Karunaratne’s theater capstone stemmed out of her film capstone research project on magic lanterns, which was a 17th century pre-cinematic technology which combined a projector, pictures and light, and how these magic lanterns were utilized in a 19th century theatrical experience called phantasmagoria show.

Karunaratne’s show attempts to create a visual stimulus for people to create an atmosphere that evokes 1980s club culture.

I chose the 1980s because that’s when VJing specifically originated from, and so it’s a combination of a phantasmagoria show and a club scene to create a very visual and visceral experience,” she said.

In the show, the girl finishes her walk around the podium, returns to the podium and places the lamp on top. Once the lamp is placed, smoke begins to emit from the podium and fills up the entire room. The smoke is especially highlighted towards the roof as lights flash through the room. It gives an effect of clouds floating above us. The cellists especially are cloaked in an ethereal effect. In addition to the cello music, club music starts to play and the two different melodies flow into each other and sometimes clash with each other.

Karunaratne describes the show as having illustrations of devils, ghosts, phantoms.

When you project these images in a very dark room with an audience that’s kind of intoxicated and sometimes drugged, they believe that these creatures are coming to earth from the dead,” she said.

The audience stays still and looks around at each other as new light projections begin to start streaking their way through the floor, and occasionally climbing over the audience members. Excluding the side with the cellists, a human figure bending and straightening up is projected in white light onto the walls.
Karunaratne stated that the human light figure was directly inspired by the 19th century shows that would project phantoms, and hence the human light figure was of a phantom figure.

The performer joins the audience and starts dancing.
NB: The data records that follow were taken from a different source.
lemma genie_law_eq: "genie_law t = map_pmf (\<lambda>p. snd p u) init"
proof (induction t)
  case 0
  then show ?case by (simp add: map_pmf_comp case_prod_beta)
next
  case (Suc t)
  have "genie_law (Suc t) = bind_pmf (state_law t) (\<lambda>st. genie_step (lam u) (mu u (kstar u)) (snd (snd st) u))"
    using sys_step_genie_marginal[where U=U and K=K and kstar=kstar, OF queue best_server(1)]
    by (auto simp: map_bind_pmf intro!: bind_pmf_cong)
  also have "\<dots> = bind_pmf (genie_law t) (genie_step (lam u) (mu u (kstar u)))"
    by (simp add: bind_map_pmf)
  finally show ?case
    using Suc init_genie_stationary by (simp add: stationary_genie_def)
qed

lemma stoch_le_queue_law_Suc:
  "stoch_le (bind_pmf (queue_law t) (genie_step (lam u) (mu u (kstar u)))) (queue_law (Suc t))"
  unfolding stoch_le_def
proof
  fix i
  have "emeasure (bind_pmf (queue_law t) (genie_step (lam u) (mu u (kstar u)))) {i..} =
    (\<integral>\<^sup>+st. \<integral>\<^sup>+\<kappa>. emeasure (genie_step (lam u) (mu u (kstar u)) (fst (snd st) u)) {i..}
      \<partial>pol (fst st) \<partial>state_law t)"
    by (simp add: measure_pmf.emeasure_space_1)
  also have "\<dots> \<le> (\<integral>\<^sup>+st. \<integral>\<^sup>+\<kappa>. emeasure (genie_step (lam u) (served_rate mu u (\<kappa> u)) (fst (snd st) u)) {i..}
      \<partial>pol (fst st) \<partial>state_law t)"
  proof (rule nn_integral_mono, rule nn_integral_mono_AE, rule AE_pmfI)
    fix st :: state and \<kappa> assume "\<kappa> \<in> set_pmf (pol (fst st))"
    with rate_bounds show "emeasure (genie_step (lam u) (mu u (kstar u)) (fst (snd st) u)) {i..}
      \<le> emeasure (genie_step (lam u) (served_rate mu u (\<kappa> u)) (fst (snd st) u)) {i..}"
      by (intro genie_step_tail_antimono served_rate_bounds)
  qed
  also have "\<dots> = (\<integral>\<^sup>+st. indicator {i..} (fst (snd st) u) \<partial>state_law (Suc t))"
    unfolding nn_integral_state_law_Suc[where F="\<lambda>_ n. indicator {i..} n"] by simp
  also have "\<dots> = emeasure (queue_law (Suc t)) {i..}"
    by (subst nn_integral_indicator[symmetric]) (simp_all del: sys.simps)
  finally show "emeasure (bind_pmf (queue_law t) (genie_step (lam u) (mu u (kstar u)))) {i..}
    \<le> emeasure (queue_law (Suc t)) {i..}" .
qed

lemma stoch_le_queue_law: "stoch_le (map_pmf (\<lambda>p. fst p u) init) (queue_law t)"
proof (induction t)
  case 0
  then show ?case by (simp add: map_pmf_comp case_prod_beta stoch_le_refl)
next
  case (Suc t)
  then have "stoch_le (bind_pmf (map_pmf (\<lambda>p. fst p u) init) (genie_step (lam u) (mu u (kstar u))))
      (bind_pmf (queue_law t) (genie_step (lam u) (mu u (kstar u))))"
    using rate_bounds by (intro stoch_le_bind_genie_step)
  then show ?case
    using init_queue_stationary stoch_le_queue_law_Suc
    by (auto simp: stationary_genie_def intro: stoch_le_trans)
qed

lemma queue_mean_le: "(\<integral>\<^sup>+n. real n \<partial>queue_law t) \<le> (\<integral>\<^sup>+n. real n \<partial>map_pmf (\<lambda>p. fst p u) init) + t"
proof (induction t)
  case 0
  then show ?case by (simp add: case_prod_beta)
next
  case (Suc t)
  have "(\<integral>\<^sup>+n. real n \<partial>queue_law (Suc t)) \<le> (\<integral>\<^sup>+st. \<integral>\<^sup>+\<kappa>. ennreal (real (fst (snd st) u) + 1)
      \<partial>pol (fst st) \<partial>state_law t)"
    unfolding nn_integral_map_pmf nn_integral_state_law_Suc[where F="\<lambda>_ n. ennreal (real n)"]
  proof (rule nn_integral_mono, rule nn_integral_mono_AE, rule AE_pmfI)
    fix st :: state and \<kappa> assume "\<kappa> \<in> set_pmf (pol (fst st))"
    with rate_bounds show "(\<integral>\<^sup>+n. real n \<partial>genie_step (lam u) (served_rate mu u (\<kappa> u)) (fst (snd st) u))
      \<le> ennreal (real (fst (snd st) u) + 1)"
      using served_rate_bounds by (intro genie_step_mean_le) force+
  qed
  also have "\<dots> = (\<integral>\<^sup>+n. real n \<partial>queue_law t) + 1"
    by (simp add: measure_pmf.emeasure_space_1 nn_integral_add)
  finally show ?case
    using Suc.IH by (simp add: add.assoc add_right_mono order_trans)
qed

definition mismatch_cost :: "nat \<Rightarrow> real" where
  "mismatch_cost t = lam u * (\<Sum>k\<in>{..<K} - {kstar u}.
     (mu u (kstar u) - mu u k) * measure_pmf.prob (state_law t) {st. kappa st u = Some k})"

lemma mismatch_cost_le:
  "ennreal (mismatch_cost t) \<le>
    (\<integral>\<^sup>+st. ennreal (lam u * (mu u (kstar u) - served_rate mu u (kappa st u))) \<partial>state_law t)"
proof -
  define c where "c k = ennreal (lam u * (mu u (kstar u) - mu u k))" for k
  have nonneg: "0 \<le> lam u * (mu u (kstar u) - mu u k)" if "k \<in> {..<K} - {kstar u}" for k
    using that rate_bounds service_rates[of k] by auto
  have "mismatch_cost t = (\<Sum>k\<in>{..<K} - {kstar u}.
      lam u * (mu u (kstar u) - mu u k) * measure_pmf.prob (state_law t) {st. kappa st u = Some k})"
    by (simp add: mismatch_cost_def sum_distrib_left mult.assoc)
  then have "ennreal (mismatch_cost t) = (\<Sum>k\<in>{..<K} - {kstar u}.
      ennreal (lam u * (mu u (kstar u) - mu u k) * measure_pmf.prob (state_law t) {st. kappa st u = Some k}))"
    by (auto intro!: sum_ennreal[symmetric] mult_nonneg_nonneg nonneg)
  also have "\<dots> = (\<Sum>k\<in>{..<K} - {kstar u}. c k * emeasure (state_law t) {st. kappa st u = Some k})"
    using nonneg by (intro sum.cong refl) (simp add: c_def ennreal_mult measure_pmf.emeasure_eq_measure)
  also have "\<dots> = (\<integral>\<^sup>+st. (\<Sum>k\<in>{..<K} - {kstar u}. c k * indicator {st. kappa st u = Some k} st) \<partial>state_law t)"
    by (subst nn_integral_sum) (simp_all add: nn_integral_cmult_indicator)
  also have "\<dots> \<le> (\<integral>\<^sup>+st. ennreal (lam u * (mu u (kstar u) - served_rate mu u (kappa st u))) \<partial>state_law t)"
  proof (rule nn_integral_mono)
    fix st :: state
    show "(\<Sum>k\<in>{..<K} - {kstar u}. c k * indicator {st. kappa st u = Some k} st)
      \<le> ennreal (lam u * (mu u (kstar u) - served_rate mu u (kappa st u)))"
      by (cases "kappa st u") (auto simp: indicator_def c_def served_rate_def Int_insert_right)
  qed
  finally show ?thesis .
qed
Most of the audience stays still while some audience members start dancing along to the music.

Karunaratne talked about how the concept of light formed an important role in her life and served as inspiration for her project.

During the Vesak festival in Sri Lanka, many people make colourful lanterns, light them up with either candles or bulbs and then use them to decorate their homes and streets. Karunaratne claimed that this festival, which celebrates the birth, enlightenment and death of the Lord Buddha, created a strong link for her between light and the afterlife, through the visually stimulating lights.

My first visual of light is this floating orb of light and to me that orb in my mind has a presence, it has a life to it. So I started really examining why I was attaching presence with light. [I discovered that] it has to do with a lot of stories about my family and our connection to ideas about the afterlife and our experiences – the passing away of relatives, particularly stories from my mother,” Karunaratne said.

When the performance came to an end, it took the audience a few minutes to re-situate themselves as they slowly walked out behind the performer to reconvene at the majilis, contemplating their deep and immersive experience of light over the last thirty minutes.